Пролетаю сквозь пробку. В бестелесном состоянии это так легко – и мне, и образу моего четырехколесного монстра. Сворачиваю в переулок, жду, пока я, машина, и робот вновь обретем плоть и кровь. Увы, но такого убийцу остановить можно либо пулей (но это не наш метод), либо жертвой. И, несмотря на то, что сейчас я бессмертен, произошедшее бьет по нервам и отравляет душу.
Я сижу молча, с закрытыми глазами, переживая жжение и боль во всем вновь формирующемся теле. Внутри противно и тоскливо, холодно.
– Не впервой, – замечает Батон.
– Да, пора бы привыкнуть, – отвечаю я.
– К этому привыкнуть невозможно, – вздыхает тот, но я не верю в сочувствие искусственного зверя. – Ладно, рабочий день не окончен, поехали...
Выруливаем на Вернадского, намертво встаем у Лужников, потом – у Нахимовского.
– Успокоился? – спрашивает Батон.
Киваю, хотя какое там, к черту, спокойствие.

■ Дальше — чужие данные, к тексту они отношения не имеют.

(* Let $W\subseteq\mathbb{R}^d$ be open, bounded, convex, inner regular with $0\in W$, and $h>1$. Define $v_0=h\,\mathbf 1_{hW}$ on $\mathbb{Z}^d$ and $v_{k+1}=v_k+(2d)^{-1}\max\{0,\Delta v_k-\mathbf 1_{\{v_k=0\}}\}$. Then $v_k$ converges pointwise as $k\to\infty$ to $u_h$, the least function $u:\mathbb{Z}^d\to\mathbb{R}$ satisfying $u\ge h\mathbf 1_{hW}$ and $\Delta u\le\mathbf 1_{\{u=0\}}$.
   Context: Discrete Laplacian: $\Delta u(x)=\sum_{i=1}^d(u(x+e_i)+u(x-e_i)-2u(x))$. $W$ inner regular means for some $r>0$ every $x\in\partial W$ lies on $\partial B_r(y)$ with $B_r(y)\subseteq W$. *)

theory Defs
  imports "HOL-Analysis.Analysis"
begin

text \<open>The lattice Z^d is modelled as int ^ 'd, with R^d = real ^ 'd and d = CARD('d).\<close>

definition unit_vec :: "'d::finite \<Rightarrow> int ^ 'd" where
  "unit_vec i = (\<chi> j. if j = i then 1 else 0)"

definition dlaplacian :: "(int ^ 'd::finite \<Rightarrow> real) \<Rightarrow> int ^ 'd \<Rightarrow> real" where
  "dlaplacian u x = (\<Sum>i\<in>UNIV. u (x + unit_vec i) + u (x - unit_vec i) - 2 * u x)"

definition lattice_emb :: "int ^ 'd::finite \<Rightarrow> real ^ 'd" where
  "lattice_emb x = (\<chi> i. real_of_int (x $ i))"

definition inner_regular :: "(real ^ 'd::finite) set \<Rightarrow> bool" where
  "inner_regular W \<longleftrightarrow> (\<exists>r>0. \<forall>x\<in>frontier W. \<exists>y. x \<in> sphere y r \<and> ball y r \<subseteq> W)"

definition indic :: "bool \<Rightarrow> real" where
  "indic b = (if b then 1 else 0)"

definition init_fun :: "(real ^ 'd::finite) set \<Rightarrow> real \<Rightarrow> int ^ 'd \<Rightarrow> real" where
  "init_fun W h x = h * indic (lattice_emb x \<in> (\<lambda>w. h *\<^sub>R w) ` W)"

definition step_fun :: "(int ^ 'd::finite \<Rightarrow> real) \<Rightarrow> int ^ 'd \<Rightarrow> real" where
  "step_fun v x = v x + (1 / (2 * real CARD('d))) * max 0 (dlaplacian v x - indic (v x = 0))"

primrec iter_seq :: "(real ^ 'd::finite) set \<Rightarrow> real \<Rightarrow> nat \<Rightarrow> int ^ 'd \<Rightarrow> real" where
  "iter_seq W h 0 = init_fun W h"
| "iter_seq W h (Suc k) = step_fun (iter_seq W h k)"

definition admissible :: "(real ^ 'd::finite) set \<Rightarrow> real \<Rightarrow> (int ^ 'd \<Rightarrow> real) \<Rightarrow> bool" where
  "admissible W h u \<longleftrightarrow> (\<forall>x. u x \<ge> init_fun W h x) \<and> (\<forall>x. dlaplacian u x \<le> indic (u x = 0))"

end

theory Submission
  imports Defs
begin

text \<open>The iterates increase, since each step adds a nonnegative amount. With the step size
  \<open>1/(2d)\<close>, the update at \<open>x\<close> is dominated by every admissible \<open>w \<ge> v\<close>: at \<open>x\<close> the
  Laplacian of \<open>v\<close> exceeds that of \<open>w\<close> by at most \<open>2d(w x - v x)\<close>. So by induction every
  iterate lies below every admissible function, in particular below the admissible constant
  \<open>h\<close>. The bounded increasing iterates converge to their supremum, which is therefore below
  every admissible function; and it is a fixed point of the step map, whose fixed points are
  exactly the functions with \<open>\<Delta>u \<le> 1{u = 0}\<close>.\<close>

lemma dlaplacian_const [simp]: "dlaplacian (\<lambda>_. c) x = 0"
  by (simp add: dlaplacian_def)

lemma dlaplacian_le_of_le:
  fixes v w :: "int ^ 'd::finite \<Rightarrow> real"
  assumes "\<And>y. v y \<le> w y"
  shows "dlaplacian v x \<le> dlaplacian w x + 2 * real CARD('d) * (w x - v x)"
proof -
  have "dlaplacian v x \<le>
      (\<Sum>i\<in>UNIV. (w (x + unit_vec i) + w (x - unit_vec i) - 2 * w x) + 2 * (w x - v x))"
    unfolding dlaplacian_def by (rule sum_mono) (use assms in \<open>smt (verit)\<close>)
  also have "\<dots> = dlaplacian w x + 2 * real CARD('d) * (w x - v x)"
    by (simp add: dlaplacian_def sum.distrib sum_subtractf algebra_simps)
  finally show ?thesis .
qed

lemma dlaplacian_tendsto:
  fixes v :: "nat \<Rightarrow> int ^ 'd::finite \<Rightarrow> real"
  assumes "\<And>y. (\<lambda>k. v k y) \<longlonglongrightarrow> L y"
  shows "(\<lambda>k. dlaplacian (v k) x) \<longlonglongrightarrow> dlaplacian L x"
  unfolding dlaplacian_def
  by (intro tendsto_sum tendsto_diff tendsto_add tendsto_mult tendsto_const assms)

lemma step_fun_ge: "v x \<le> step_fun v x"
  by (simp add: step_fun_def)

lemma step_fun_eq_iff: "step_fun v x = v x \<longleftrightarrow> dlaplacian v x \<le> indic (v x = 0)"
  by (auto simp: step_fun_def max_def)

lemma step_fun_le:
  fixes v w :: "int ^ 'd::finite \<Rightarrow> real"
  assumes le: "\<And>y. v y \<le> w y" and nonneg: "0 \<le> v x"
    and super: "dlaplacian w x \<le> indic (w x = 0)"
  shows "step_fun v x \<le> w x"
proof -
  define n where "n = real CARD('d)"
  define I where "I = indic (v x = 0)"
  have n: "n \<ge> 1" unfolding n_def by simp
  have "dlaplacian w x \<le> I"
  proof (cases "w x = 0")
    case True
    then have "v x = 0" using le[of x] nonneg by simp
    then show ?thesis using super True by (simp add: I_def)
  next
    case False
    then show ?thesis using super by (simp add: I_def indic_def)
  qed
  moreover have "dlaplacian v x \<le> dlaplacian w x + 2 * n * (w x - v x)"
    unfolding n_def using dlaplacian_le_of_le[OF le] .
  ultimately have "max 0 (dlaplacian v x - I) \<le> 2 * n * (w x - v x)"
    using n le[of x] by simp
  then have "(1 / (2 * n)) * max 0 (dlaplacian v x - I) \<le> w x - v x"
    using n by (simp add: field_simps)
  then show ?thesis unfolding step_fun_def I_def n_def by simp
qed

lemma admissible_const: "h \<ge> 0 \<Longrightarrow> admissible W h (\<lambda>_. h)"
  by (simp add: admissible_def init_fun_def indic_def)

lemma iter_seq_nonneg: "h \<ge> 0 \<Longrightarrow> 0 \<le> iter_seq W h k x"
proof (induction k arbitrary: x)
  case 0
  then show ?case by (simp add: init_fun_def indic_def)
next
  case (Suc k)
  then show ?case using Suc.IH[of x] by (simp add: step_fun_def)
qed

lemma iter_seq_incseq: "incseq (\<lambda>k. iter_seq W h k x)"
  by (rule incseq_SucI) (simp add: step_fun_ge)

lemma iter_seq_le_admissible:
  assumes "h \<ge> 0" and "admissible W h w"
  shows "iter_seq W h k x \<le> w x"
proof (induction k arbitrary: x)
  case 0
  then show ?case using assms(2) by (simp add: admissible_def)
next
  case (Suc k)
  have "dlaplacian w x \<le> indic (w x = 0)"
    using assms(2) by (simp add: admissible_def)
  then show ?case using step_fun_le[OF Suc.IH iter_seq_nonneg[OF assms(1)]] by simp
qed

text \<open>The map \<open>u \<mapsto> 1{u = 0}\<close> is discontinuous, but along nonnegative sequences approaching
  their limit from below it is eventually constant.\<close>

lemma tendsto_indic_eq_zero:
  fixes a :: "nat \<Rightarrow> real"
  assumes lim: "a \<longlonglongrightarrow> l" and "\<And>k. 0 \<le> a k" and "\<And>k. a k \<le> l"
  shows "(\<lambda>k. indic (a k = 0)) \<longlonglongrightarrow> indic (l = 0)"
proof (cases "l = 0")
  case True
  then show ?thesis using assms(2,3) by (simp add: order_antisym)
next
  case False
  have "0 \<le> l" using assms(2,3) order_trans by blast
  with False have "l > 0" by simp
  then have "eventually (\<lambda>k. a k > 0) sequentially" using order_tendstoD(1)[OF lim] by blast
  then have "eventually (\<lambda>k. indic (a k = 0) = indic (l = 0)) sequentially"
    by eventually_elim (use False in \<open>simp add: indic_def\<close>)
  then show ?thesis by (rule tendsto_eventually)
qed

lemma step_fun_limit_fixed:
  fixes v :: "nat \<Rightarrow> int ^ 'd::finite \<Rightarrow> real"
  assumes lim: "\<And>y. (\<lambda>k. v k y) \<longlonglongrightarrow> L y"
    and bounds: "\<And>k y. 0 \<le> v k y" "\<And>k y. v k y \<le> L y"
    and step: "\<And>k. v (Suc k) = step_fun (v k)"
  shows "step_fun L x = L x"
proof (rule LIMSEQ_unique)
  show "(\<lambda>k. step_fun (v k) x) \<longlonglongrightarrow> step_fun L x"
    unfolding step_fun_def
    by (intro tendsto_add tendsto_mult tendsto_max tendsto_diff tendsto_const
        lim dlaplacian_tendsto tendsto_indic_eq_zero bounds)
  show "(\<lambda>k. step_fun (v k) x) \<longlonglongrightarrow> L x"
    using LIMSEQ_Suc[OF lim[of x]] by (simp add: step)
qed

theorem mainTheorem15:
  fixes W :: "(real ^ 'd::finite) set" and h :: real
  assumes "open W" and "bounded W" and "convex W" and "inner_regular W" and "0 \<in> W"
    and "h > 1"
  shows "\<exists>u. admissible W h u \<and> (\<forall>w. admissible W h w \<longrightarrow> (\<forall>x. u x \<le> w x))
            \<and> (\<forall>x. (\<lambda>k. iter_seq W h k x) \<longlonglongrightarrow> u x)"
proof -
  have h: "h \<ge> 0" using \<open>h > 1\<close> by simp
  define L where "L x = (SUP k. iter_seq W h k x)" for x
  have bdd: "bdd_above (range (\<lambda>k. iter_seq W h k x))" for x
    using iter_seq_le_admissible[OF h admissible_const[OF h]] by (intro bdd_aboveI) auto
  have lim: "(\<lambda>k. iter_seq W h k x) \<longlonglongrightarrow> L x" for x
    unfolding L_def by (rule LIMSEQ_incseq_SUP[OF bdd iter_seq_incseq])
  have below: "iter_seq W h k x \<le> L x" for k x
    unfolding L_def by (rule cSUP_upper[OF _ bdd]) simp
  have "step_fun L x = L x" for x
    by (rule step_fun_limit_fixed[OF lim iter_seq_nonneg[OF h] below]) simp
  then have "admissible W h L"
    using below[of 0] by (simp add: admissible_def step_fun_eq_iff[symmetric])
  moreover have "L x \<le> w x" if "admissible W h w" for w x
    unfolding L_def using iter_seq_le_admissible[OF h that] by (intro cSUP_least) auto
  ultimately show ?thesis using lim by blast
qed

end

Безжизненное тело водителя снегоуборочной уже закатывают в труповозку. Наверное, оттого что его никто не опознает, а у водителя белой «Тайоты» найдется высокопоставленный приятель, убийцу отпустят. Впрочем, за руль больше тот не сядет. Никогда.
После Нахимовского – просвет. Идем под полтинник. Впереди малиновый Опель – небольшой, двудверный с миловидной девушкой за рулем. Опасности нет, но ее лицо, глаза, волосы отчего-то притягивают взгляд. Кажется, смотрел бы и смотрел.
– Прохорова Алина Владимировна. Не замужем. Работает в сорок девятой горбольнице, – докладывает робот. – Водительский стаж три года. Опасностям от автомобиля не подвержена.
А я все смотрю и смотрю на нее, забывая даже о дороге.Почему? Кто бы объяснил.
– Сворачивай. Время.
К двадцати трем Гидрометцентр сообщает о полном обледенении дорожного покрытия по всему городу. Идиотов среди автолюбителей, конечно, хватает, поехали бы и по льду, но в небольшой предновогодний морозец даже новенькие «Мерседесы» и «БМВ» вдруг отказываются заводиться.
Возвращаемся. Справа со двора выруливает бежевая «Девяносто девятая», обезображенная тюнингом и тонировкой. Сквозь закрытые окна музыка грохочет так, будто колонки снаружи, а не внутри.
– Вадик Знаменский, – зевает робот, – шестнадцать лет, из них три недели за рулем, юношеский максимализм зашкаливает. На дороге косплеит последнюю сволочь, думает, будто это круто. Едет до дома от другана Григория.
– А мы его и не тронем, – отвечаю я, – у него будущее неясное, возможно, исправится.
– Ага, – соглашается Батон.
На светофоре притормаживаю, «Девяносто девятая» обходит справа и частично заруливает на мою полосу.
– Стервец.
– Нет, наказывать не будем, поучим немного, – решаю я.
Зеленый.
Сцепление.
Передача.
Газ в пол.
Сдаю левее, прохожу «жигуленку» и утапливаю до ста шестидесяти за три с половиной секунды.
– Молодца, – вздыхает робот, – ничему жизнь тебя не учит.